Au moment où la France s’interroge sur son avenir énergétique, entre relance du nucléaire et incertitudes sur les renouvelables, l’intelligence artificielle et les technologies émergentes s’invitent dans le débat. Comment ces innovations pourraient-elles transformer la gestion des réseaux et accélérer la transition climatique, face aux défis économiques, industriels et sociaux d’aujourd’hui ?
Alors que la France traverse une période charnière pour son avenir énergétique — avec un Parlement qui relance le nucléaire tout en entretenant le flou sur la place du solaire et de l’éolien —, un mouvement mondial s’accélère : près de 93 % des nouvelles capacités électriques installées en 2024 à l’échelle internationale sont issues des renouvelables, portées principalement par la Chine et l’essor du solaire. Sur fond de débats à l’Assemblée nationale entre choix politiques et réalités industrielles, c’est à Paris, lors du salon VivaTech, que les regards se tournent désormais vers une possible révolution de la gestion énergétique grâce à l’intelligence artificielle et aux technologies émergentes.
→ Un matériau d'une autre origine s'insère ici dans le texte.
text \<open>Induction on T: integrate out slot 0
  (which is reweighted only if the rule samples it) and recurse on the residual rule.\<close>

lemma nn_integral_PiM_density_prefix_determined:
  assumes P: "prob_space P" and Q: "prob_space Q"
    and Q_eq: "Q = density P (\<lambda>y. ennreal (exp (- L y)))"
    and L[measurable]: "L \<in> borel_measurable P"
    and samp: "\<forall>j. (\<lambda>w. sampled Gam w j) \<in> measurable (PiM UNIV (\<lambda>_. P)) (count_space UNIV)"
    and G: "G \<in> borel_measurable (PiM UNIV (\<lambda>_. P))" and pre: "prefix_determined Gam T G"
  shows "(\<integral>\<^sup>+w. G w \<partial>PiM UNIV (\<lambda>_. Q))
      = (\<integral>\<^sup>+w. G w * ennreal (exp (- observed_llr L Gam T w)) \<partial>PiM UNIV (\<lambda>_. P))"
proof -
  interpret SP: sequence_space P by (rule sequence_space_prob_space[OF P])
  interpret SQ: sequence_space Q by (rule sequence_space_prob_space[OF Q])
  let ?SP = "PiM (UNIV::nat set) (\<lambda>_. P)" and ?SQ = "PiM (UNIV::nat set) (\<lambda>_. Q)"
  have sets_Q: "sets Q = sets P"
    by (simp add: Q_eq)
  have sets_SQ: "sets ?SQ = sets ?SP"
    by (rule sets_PiM_cong) (simp_all add: sets_Q)
  from samp G pre show ?thesis
  proof (induction T arbitrary: Gam G)
    case 0
    obtain w0 where "w0 \<in> space ?SP"
      using SP.P.not_empty by blast
    define g0 where "g0 = G w0"
    have "G = (\<lambda>_. g0)"
      using "0.prems"(3) by (auto simp: g0_def prefix_determined_def fun_eq_iff)
    then show ?case
      by (simp add: observed_llr_def SQ.P.emeasure_space_1 SP.P.emeasure_space_1)
  next
    case (Suc T)
    note samp = Suc.prems(1) and G = Suc.prems(2) and pre = Suc.prems(3)
    define c where "c y = (if Gam [] then L y else 0)" for y
    define F where "F w = G w * ennreal (exp (- observed_llr L Gam (Suc T) w))" for w
    define K where "K y = (\<integral>\<^sup>+\<omega>. F (case_nat y \<omega>) \<partial>?SP)" for y
    have F[measurable]: "F \<in> borel_measurable ?SP"
      unfolding F_def using G borel_measurable_observed_llr[OF samp L] by measurable
    have K[measurable]: "K \<in> borel_measurable P"
      unfolding K_def by (rule SP.borel_measurable_nn_integral_case_nat[OF F])
    have inner: "(\<integral>\<^sup>+\<omega>. G (case_nat y \<omega>) \<partial>?SQ) = K y * ennreal (exp (c y))" if y: "y \<in> space P" for y
    proof -
      have shift: "(\<lambda>\<omega>. case_nat y \<omega>) \<in> measurable ?SP ?SP"
        using y by measurable
      then have "(\<lambda>\<omega>. G (case_nat y \<omega>)) \<in> borel_measurable ?SP"
        using G by measurable
      then have "(\<integral>\<^sup>+\<omega>. G (case_nat y \<omega>) \<partial>?SQ)
          = (\<integral>\<^sup>+\<omega>. G (case_nat y \<omega>) * ennreal (exp (- observed_llr L (residual_rule Gam y) T \<omega>)) \<partial>?SP)"
        using Suc.IH SP.measurable_sampled_residual_rule[OF samp y] prefix_determined_case_nat[OF pre]
        by blast
      also have "\<dots> = (\<integral>\<^sup>+\<omega>. F (case_nat y \<omega>) * ennreal (exp (c y)) \<partial>?SP)"
        by (intro nn_integral_cong)
          (simp add: F_def c_def observed_llr_case_nat_Suc mult.assoc ennreal_mult'[symmetric]
            exp_add[symmetric])
      also have "\<dots> = K y * ennreal (exp (c y))"
        unfolding K_def by (intro nn_integral_multc measurable_compose[OF shift F])
      finally show ?thesis .
    qed
    have outer: "(\<integral>\<^sup>+y. K y * ennreal (exp (c y)) \<partial>Q) = (\<integral>\<^sup>+y. K y \<partial>P)"
    proof (cases "Gam []")
      case True
      then show ?thesis
        unfolding c_def using nn_integral_density_exp_cancel[OF Q_eq L K] by simp
    next
      case False
      obtain y0 where "y0 \<in> space P"
        using SP.M.not_empty by blast
      define k0 where "k0 = K y0"
      have F_const: "F (case_nat y \<omega>) = F (case_nat y0 \<omega>)" for y \<omega>
        using prefix_determined_unsampled_first[OF False pre, of y \<omega> y0]
          observed_llr_unsampled_first[where Gam = Gam and y = y and y' = y0, OF False]
        by (simp add: F_def)
      have "K = (\<lambda>_. k0)"
        unfolding k0_def K_def fun_eq_iff by (intro allI nn_integral_cong) (rule F_const)
      then show ?thesis
        by (simp add: c_def False SQ.M.emeasure_space_1 SP.M.emeasure_space_1)
    qed
    have "(\<integral>\<^sup>+w. G w \<partial>?SQ) = (\<integral>\<^sup>+y. \<integral>\<^sup>+\<omega>. G (case_nat y \<omega>) \<partial>?SQ \<partial>Q)"
      using G measurable_cong_sets[OF sets_SQ refl] by (intro SQ.nn_integral_case_nat) blast
    also have "\<dots> = (\<integral>\<^sup>+y. K y * ennreal (exp (c y)) \<partial>Q)"
      using inner sets_eq_imp_space_eq[OF sets_Q] by (intro nn_integral_cong) simp
    also have "\<dots> = (\<integral>\<^sup>+y. K y \<partial>P)"
      by (rule outer)
    also have "\<dots> = (\<integral>\<^sup>+w. F w \<partial>?SP)"
      unfolding K_def by (rule SP.nn_integral_case_nat[symmetric, OF F])
    finally show ?case
      by (simp add: F_def)
  qed
qed
(* Let $0<q<1$ and let $x,y$ be real numbers with $|x|<1$ and $|y|<1$. Then \[ \sum_{m=0}^\infty\sum_{n=0}^\infty (-1)^{m+n}[x]_q^{m+1}[y]_q^{n+1}\,\zeta[m+2,\{1\}^n] = 1-\frac{\Gamma_q(1+x)\,\Gamma_q(1+y)}{\Gamma_q(1+x+y)}. \]
   Context: Fix $0<q<1$ and for real $x$ put $[x]_q := (1-q^x)/(1-q)$. For positive integers $s_1,\dots,s_N$ with $s_1>1$, $\zeta[s_1,\dots,s_N] := \sum_{k_1>\cdots>k_N>0}\prod_{j=1}^N q^{(s_j-1)k_j}/[k_j]_q^{s_j}$ (sum over positive integers); $\{1\}^n$ denotes $n$ consecutive copies of $1$. For real $a,b$ put $(a+b)_q^\infty := \prod_{k=0}^\infty(a+bq^k)$. The $q$-gamma function is $\Gamma_q(x) := \dfrac{(1-q)_q^\infty\,(1-q)^{1-x}}{(1-q^x)_q^\infty}$, i.e. $\Gamma_q(x)=(1-q)^{1-x}\prod_{k\ge0}\frac{1-q^{k+1}}{1-q^{k+x}}$. *)

theory Defs
  imports "HOL-Analysis.Analysis"
begin

definition qbr :: "real \<Rightarrow> real \<Rightarrow> real" where
  "qbr q x = (1 - q powr x) / (1 - q)"

definition qzeta :: "real \<Rightarrow> nat list \<Rightarrow> real" where
  "qzeta q s = infsum
     (\<lambda>ks. \<Prod>j<length s. q ^ ((s ! j - 1) * (ks ! j)) / (qbr q (real (ks ! j))) ^ (s ! j))
     {ks. length ks = length s \<and> sorted_wrt (>) ks \<and> (\<forall>k\<in>set ks. k > 0)}"

definition qpoch_inf :: "real \<Rightarrow> real \<Rightarrow> real \<Rightarrow> real" where
  "qpoch_inf q a b = (\<Prod>k. a + b * q ^ k)"

definition qGamma :: "real \<Rightarrow> real \<Rightarrow> real" where
  "qGamma q x = qpoch_inf q 1 (- q) * (1 - q) powr (1 - x) / qpoch_inf q 1 (- (q powr x))"

end

theory Submission
  imports Defs
begin
definition pos_def_on :: "(complex^'n) set \<Rightarrow> (complex^'n \<Rightarrow> complex^'n \<Rightarrow> complex) \<Rightarrow> bool" where
  "pos_def_on V f \<longleftrightarrow> (\<forall>v\<in>V. v \<noteq> 0 \<longrightarrow> Im (f v v) = 0 \<and> Re (f v v) > 0)"

end

theory Submission
  imports Defs
begin

text \<open>The skew relation L(M a, b) = -L(b, a) extends bilinearly from \<Lambda> to \<Lambda>_C and
  gives L(M a, M b) = L(a, b).  Hence for eigenvectors a \<in> \<Lambda>_\<lambda>, b \<in> \<Lambda>_\<mu> one gets
  L(a, conj b) = \<lambda> conj \<mu> L(a, conj b), so distinct eigenspaces are L(_, conj _)-orthogonal,
  and L(conj b, a) = -\<lambda> L(a, conj b).  Writing -\<lambda> = s^2 with s = sqrt(-\<lambda>) of modulus 1, the
  latter is exactly hermitian symmetry of h_\<lambda>.  For v = \<Sum> v_\<lambda> the two quadratic forms become
  diagonal: h(v, v) = \<Sum>_{\<lambda>\<noteq>1} h_\<lambda>(v_\<lambda>, v_\<lambda>) and
  L(v, conj v) + L(conj v, v) = \<Sum>_\<lambda> (1 - \<lambda>) L(v_\<lambda>, conj v_\<lambda>) = \<Sum>_{\<lambda>\<noteq>1} 2 Re(s) h_\<lambda>(v_\<lambda>, v_\<lambda>),
  with weights 2 Re(s) > 0.  An M-invariant V contains the eigencomponents of its vectors
  (they are polynomials in M applied to the vector), and none of them has \<lambda> = 1, so both forms
  are positive definite on V iff every h_\<lambda> is positive definite on V \<inter> \<Lambda>_\<lambda>.\<close>

lemma Lform_add_left: "Lform A (a + b) c = Lform A a c + Lform A b c"
  by (simp add: Lform_def distrib_right sum.distrib)
(* Let $P,R\in C^1(\mathbb{R},\mathrm{Sym}(n,\mathbb{R}))$, $Q\in C^1(\mathbb{R},\mathrm{Mat}(n,\mathbb{R}))$ satisfy (F2) with constants $C_1,C_2,C_3$. For $\lambda\in\mathbb{R}$ let $B_\lambda(t)=\begin{bmatrix}P^{-1}&-P^{-1}Q\\-Q^TP^{-1}&Q^TP^{-1}Q-R-\lambda I_n\end{bmatrix}(t)$, let $\gamma_{(\tau,\lambda)}$ be the solution of $\dot\gamma=JB_\lambda(t)\gamma$, $\gamma(\tau)=I_{2n}$, and set $E^s_\lambda(\tau)=\{v\in\mathbb{R}^{2n}:\lim_{t\to+\infty}\gamma_{(\tau,\lambda)}(t)v=0\}$, $E^u_\lambda(\tau)=\{v\in\mathbb{R}^{2n}:\lim_{t\to-\infty}\gamma_{(\tau,\lambda)}(t)v=0\}$. Then $E^u_\lambda(-\tau)\cap E^s_\lambda(\tau)=\{0\}$ for all $\tau\ge0$ and all $\lambda\ge\frac{2C_2^2}{C_1}+C_3$.
   Context: (F2): the limits of $P,Q,R$ as $t\to\pm\infty$ exist and $\langle P(t)v,v\rangle\ge C_1|v|^2$, $|P(t)v|\ge C_1|v|$, $|Q(t)v|\le C_2|v|$, $|R(t)v|\le C_3|v|$ for all $t,v$. $J=\begin{bmatrix}0&-I_n\\ I_n&0\end{bmatrix}$. *)

theory Defs
  imports "HOL-Analysis.Analysis"
begin

text \<open>Block matrices: a 2n x 2n matrix indexed by the sum type 'n + 'n,
  the first summand giving the first block row/column.\<close>
definition blockmat ::
  "real^'n^'n \<Rightarrow> real^'n^'n \<Rightarrow> real^'n^'n \<Rightarrow> real^'n^'n \<Rightarrow> real^('n::finite + 'n)^('n + 'n)" where
  "blockmat A B C D = (\<chi> i j. case i of
      Inl a \<Rightarrow> (case j of Inl b \<Rightarrow> A $ a $ b | Inr b \<Rightarrow> B $ a $ b)
    | Inr a \<Rightarrow> (case j of Inl b \<Rightarrow> C $ a $ b | Inr b \<Rightarrow> D $ a $ b))"

definition Jmat :: "real^('n::finite + 'n)^('n + 'n)" where
  "Jmat = blockmat 0 (- mat 1) (mat 1) 0"

definition Bmat ::
  "(real \<Rightarrow> real^'n^'n) \<Rightarrow> (real \<Rightarrow> real^'n^'n) \<Rightarrow> (real \<Rightarrow> real^'n^'n) \<Rightarrow> real \<Rightarrow> real
     \<Rightarrow> real^('n::finite + 'n)^('n + 'n)" where
  "Bmat P Q R lam t =
     blockmat (matrix_inv (P t)) (- (matrix_inv (P t) ** Q t))
              (- (transpose (Q t) ** matrix_inv (P t)))
              (transpose (Q t) ** matrix_inv (P t) ** Q t - R t - lam *\<^sub>R mat 1)"

end

theory Submission imports Defs begin

text \<open>Write a solution of \<open>z' = J B\<^sub>\<lambda> z\<close> in blocks as \<open>z = (x, y)\<close> and let
  \<open>u = P\<^sup>-\<^sup>1 (x - Q y)\<close>, so that \<open>x = P u + Q y\<close>. The system reads \<open>y' = u\<close>,
  \<open>x' = Q\<^sup>T u + R y + \<lambda> y\<close>, hence the energy \<open>x \<bullet> y\<close> has derivative
  \<open>P u \<bullet> u + 2 Q y \<bullet> u + R y \<bullet> y + \<lambda> |y|\<^sup>2 \<ge> C\<^sub>1/2 |u|\<^sup>2\<close> as soon as
  \<open>\<lambda> \<ge> 2 C\<^sub>2\<^sup>2/C\<^sub>1 + C\<^sub>3\<close> (complete the square), so it is nondecreasing along every solution.
  For \<open>v\<close> in both spaces, the solution through \<open>v\<close> at \<open>\<tau>\<close> decays at \<open>+\<infinity>\<close>, so the energy
  of \<open>v\<close> itself is \<open>\<le> 0\<close>. The solution through \<open>v\<close> at \<open>-\<tau>\<close> decays at \<open>-\<infinity>\<close>, so its
  energy is \<open>\<ge> 0\<close>; hence it vanishes on \<open>(-\<infinity>, -\<tau>]\<close>, where therefore \<open>u = 0\<close>, \<open>y\<close> is
  constant and thus \<open>0\<close>, and finally \<open>x = 0\<close>.\<close>

definition block_fst :: "real^('a::finite + 'b::finite) \<Rightarrow> real^'a" where
  "block_fst w = (\<chi> i. w $ Inl i)"
text \<open>Silent step: where \<open>ys\<close> is silent and the perturbed network has so far stayed below
  \<open>ys\<close>, the perturbed neuron stays silent as well, since the perturbation only lowers the input
  and raises the threshold by at most \<open>1\<close>.\<close>

lemma zs_silent:
  assumes r2: "rho m \<ge> 2" and n: "hh m \<le> n" and lam: "-1 \<le> lam" "lam < 0"
    and silent: "ys m n = 0"
    and below: "\<And>j. j \<in> {1..kk m} \<Longrightarrow> zs m lam (n - rho m * j) d \<le> ys m (n - rho m * j)"
  shows "zs m lam n d = 0"
proof -
  let ?z = "\<lambda>k. zs m lam k d" and ?i = "n mod rho m" and ?T = "1 + n div rho m"
  have r: "0 < rho m" using r2 by simp
  have i: "?i < rho m" using r by simp
  have T: "kk m \<le> ?T" using kk_le_div[OF r n] by simp
  have "pulse m ?i ?T = 0" using silent ys_pulse[OF r2, of n] by simp
  then have S: "(\<Sum>j\<in>{1..kk m}. abar m j * ?z (n - rho m * j)) \<le> 2 * real (rho m) - 2"
    by (rule weighted_sum_silent[OF r2 i T]) (use below zs_range[OF r2] ys_lag[OF r2 n] in auto)
  have "0 \<le> (\<Sum>g\<in>AA m d. ?z (n - g))" by (rule sum_nonneg) (use zs_range[OF r2] in auto)
  then have "betad m lam d * (\<Sum>g\<in>AA m d. ?z (n - g)) \<le> 0"
    using betad_nonpos[OF lam(2)] by (simp add: mult_nonpos_nonneg)
  then have "(\<Sum>j\<in>{1..kk m}. abar m j * ?z (n - rho m * j))
      + betad m lam d * (\<Sum>g\<in>AA m d. ?z (n - g)) - theta2 m lam d < 0"
    using S lam betad_nonpos[OF lam(2), of m d] unfolding theta2_eq by linarith
  then show ?thesis unfolding zs_recurrence[OF r n] by (simp add: step_def)
qed

text \<open>Where the perturbed network stays below \<open>ys\<close> on the perturbed lags and the residue of \<open>n\<close>
  exceeds \<open>d\<close>, the activity seen through these lags is less than \<open>Tot m d\<close>: at most
  \<open>rho m (d + 1)\<close> of them see a firing neuron, while \<open>Tot m d \<ge> rho m\<^sup>2\<close>.\<close>

lemma perturbed_activity_bound:
  assumes r2: "rho m \<ge> 2" and n: "hh m \<le> n" and dn: "d < n mod rho m"
    and below: "\<And>g. g \<in> AA m d \<Longrightarrow> zs m lam (n - g) d \<le> ys m (n - g)"
  shows "(\<Sum>g\<in>AA m d. zs m lam (n - g) d) + 1 \<le> real (Tot m d)"
proof -
  have r: "0 < rho m" using r2 by simp
  have "(\<Sum>g\<in>AA m d. zs m lam (n - g) d) \<le> (\<Sum>g\<in>AA m d. if ys m (n - g) = 1 then 1 else 0)"
  proof (rule sum_mono)
    fix g assume "g \<in> AA m d"
    then show "zs m lam (n - g) d \<le> (if ys m (n - g) = 1 then 1 else 0)"
      using below[of g] ys_vals[OF r2, of "n - g"] by auto
  qed
  also have "\<dots> = real (card {g \<in> AA m d. ys m (n - g) = 1})"
    using finite_subset[OF AA_subset[of m d]] by (simp add: sum.If_cases Collect_conj_eq Int_commute)
  also have "\<dots> \<le> real (rho m * (d + 1))" using AA_firing_count[OF r2 n dn] by linarith
  finally have le: "(\<Sum>g\<in>AA m d. zs m lam (n - g) d) \<le> real (rho m * (d + 1))" .
  have d: "d + 1 < rho m" using dn mod_less_divisor[OF r, of n] by linarith
  then have "rho m * (d + 1) < rho m * rho m" by (rule mult_strict_left_mono) (rule r)
  moreover have "rho m * rho m \<le> Tot m d" using d by (intro Tot_bound[OF r2]) simp
  ultimately have "rho m * (d + 1) + 1 \<le> Tot m d" by linarith
  then have "real (rho m * (d + 1) + 1) \<le> real (Tot m d)" by (simp only: of_nat_le_iff)
  then show ?thesis using le by simp
qed

text \<open>Firing step: where \<open>ys\<close> fires at a time of residue \<open>> d\<close>, and the perturbed network agrees
  with \<open>ys\<close> in this residue class and stays below it on the perturbed lags, the perturbed neuron
  fires: the unperturbed input reaches the threshold exactly, and the loss \<open>betad m lam d\<close>
  times the perturbed activity is compensated by the shift \<open>xid\<close> of the threshold.\<close>

lemma zs_firing:
  assumes r2: "rho m \<ge> 2" and n: "hh m \<le> n" and lam: "lam < 0"
    and fire: "ys m n = 1" and dn: "d < n mod rho m"
    and exact: "\<And>j. j \<in> {1..kk m} \<Longrightarrow> zs m lam (n - rho m * j) d = ys m (n - rho m * j)"
    and below: "\<And>g. g \<in> AA m d \<Longrightarrow> zs m lam (n - g) d \<le> ys m (n - g)"
  shows "zs m lam n d = 1"
proof -
  let ?z = "\<lambda>k. zs m lam k d" and ?i = "n mod rho m" and ?T = "1 + n div rho m"
  define Nz where "Nz = (\<Sum>g\<in>AA m d. ?z (n - g))"
  have r: "0 < rho m" using r2 by simp
  have i: "?i < rho m" using r by simp
  have T: "kk m \<le> ?T" using kk_le_div[OF r n] by simp
  have "(\<Sum>j\<in>{1..kk m}. abar m j * ?z (n - rho m * j)) = (\<Sum>j\<in>{1..kk m}. abar m j * pulse m ?i (?T - j))"
    by (rule sum.cong) (simp_all add: exact ys_lag[OF r2 n])
  also have "\<dots> = 2 * real (rho m)"
    using weighted_sum_firing[OF r2 i T] fire ys_pulse[OF r2, of n] by simp
  finally have S: "(\<Sum>j\<in>{1..kk m}. abar m j * ?z (n - rho m * j)) = 2 * real (rho m)" .
  have "Nz + 1 \<le> real (Tot m d)"
    unfolding Nz_def by (rule perturbed_activity_bound[OF r2 n dn below])
  then have "(Nz + 1/8) / real (Tot m d) \<le> 1" by (simp add: divide_le_eq)
  then have "0 \<le> lam * ((Nz + 1/8) / real (Tot m d) - 1)" using lam by (intro mult_nonpos_nonpos) auto
  also have "lam * ((Nz + 1/8) / real (Tot m d) - 1) = betad m lam d * (Nz + 1/8) - lam"
    unfolding betad_def by (simp add: field_simps)
  finally show ?thesis
    using S unfolding zs_recurrence[OF r n] theta2_eq Nz_def by (simp add: step_def algebra_simps)
qed

lemma zs_invariant:
  assumes r2: "rho m \<ge> 2" and lam: "-1 \<le> lam" "lam < 0"
  shows "zs m lam n d \<le> ys m n \<and> (d < n mod rho m \<longrightarrow> zs m lam n d = ys m n)"
proof (induction n rule: less_induct)
  case (less n)
  show ?case
  proof (cases "n < hh m")
    case True
    then show ?thesis by (simp add: zs.simps[of m lam n d])
  next
    case False
    then have n: "hh m \<le> n" by simp
    show ?thesis
    proof (cases "ys m n = 1")
      case True
      have "zs m lam n d \<le> ys m n" using True zs_range[OF r2] by simp
      moreover have "zs m lam n d = 1" if dn: "d < n mod rho m"
      proof (rule zs_firing[OF r2 n lam(2) True dn])
        fix j assume "j \<in> {1..kk m}"
        then show "zs m lam (n - rho m * j) d = ys m (n - rho m * j)"
          using less ys_lag[OF r2 n] dn by metis
      next
        fix g assume "g \<in> AA m d"
        then have "n - g < n" using AA_subset n by fastforce
        then show "zs m lam (n - g) d \<le> ys m (n - g)" using less by blast
      qed
      ultimately show ?thesis using True by simp
    next
      case False
      then have "ys m n = 0" using ys_vals[OF r2] by blast
      moreover from this have "zs m lam n d = 0"
        by (rule zs_silent[OF r2 n lam]) (use less ys_lag[OF r2 n] in blast)
      ultimately show ?thesis by simp
    qed
  qed
qed

theorem lemma19:
  fixes m d t :: nat and lam :: real
  assumes "m > 0" and "rho m \<ge> 2"
    and "-1 \<le> lam" and "lam < 0"
    and "d \<le> rho m - 1"
    and "L1 m d + hh m - rho m + d + 1 \<le> t" and "t \<le> L1 m d + hh m - 1"
  shows "zs m lam t d = ys m t"
proof -
  let ?r = "rho m"
  define q where "q = Lcm (pr m ` {..d}) + kk m - 1"
  have r: "0 < ?r" using assms(2) by simp
  have "L1 m d + hh m = ?r * (q + 1)"
    using kk_pos[OF r] unfolding q_def L1_def hh_def by (simp add: algebra_simps)
  then have "?r * q + d + 1 \<le> t" "t < ?r * q + ?r" using assms(6,7) r by (simp_all add: algebra_simps)
  then have "t div ?r = q" by (intro div_nat_eqI) simp_all
  then have "t = ?r * q + t mod ?r" by (metis div_mult_mod_eq mult.commute)
  then have "d < t mod ?r" using \<open>?r * q + d + 1 \<le> t\<close> by linarith
  then show ?thesis using zs_invariant[OF assms(2-4)] by blast
qed
end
Pourquoi ce tournant ? Parce que l’IA, l’IoT et la blockchain pourraient transformer la manière dont la France — et l’Europe — pilotent leurs réseaux, anticipent l’intermittence, maîtrisent les coûts et avancent vers la neutralité carbone. Mais cette intégration technologique interroge : sommes-nous prêts, politiquement, économiquement et humainement, à opérer ce saut qualitatif ? La double urgence climatique et industrielle impose d’en débattre dès maintenant, au cœur des territoires comme dans les grandes messes de l’innovation.
La France aborde le virage énergétique de la décennie dans une atmosphère électrique, marquée par un arbitrage délicat entre relance du nucléaire et incertitudes sur l’avenir des renouvelables. Dernier épisode en date : le vote par le Sénat, le 8 juillet, d’une loi donnant la priorité à la construction de 14 nouveaux réacteurs EPR2, tout en ménageant un flou stratégique sur les objectifs dédiés au solaire et à l’éolien — lesquels devront attendre un décret à l’automne pour être précisément fixés.
Une orientation dénoncée par de nombreux acteurs. Yannick Jadot, eurodéputé écologiste, rappelle que « 93 % des nouvelles capacités de production électriques installées en 2024 dans le monde sont des énergies renouvelables », citant les derniers chiffres de l’Agence internationale pour les énergies renouvelables (IRENA). Selon le rapport IRENA 2025, 92,5 % des capacités électriques ajoutées mondialement en 2024 sont renouvelables, notamment du solaire : les trois quarts de ces nouvelles installations sont photovoltaïques, avec la Chine pour locomotive incontestée (63 % des ajouts mondiaux, soit 274 GW en une seule année). La France, elle, a ajouté environ 5 GW, pour l’essentiel du solaire et de l’éolien (60 % solaire), un record qui ne représente qu’environ 1 % du total mondial.
Sur le plan politique, le contraste est frontal : la proposition de loi Gremillet, sous l’influence de plusieurs amendements, a même failli entériner un moratoire sur l’éolien et le photovoltaïque — finalement mis de côté. Mais à l’Assemblée nationale, le débat se poursuit : le Syndicat des énergies renouvelables (SER) alerte sur le risque d’exclusion du solaire et de l’éolien de la future programmation énergétique, jugeant la démarche « irresponsable » et contraire au mouvement global. Jules Nyssen, président du SER, prévient : « Dessiner l’avenir énergétique de la France sans solaire ni éolien est totalement irresponsable ; il est urgent de réintroduire ces filières stratégiques dans le texte. »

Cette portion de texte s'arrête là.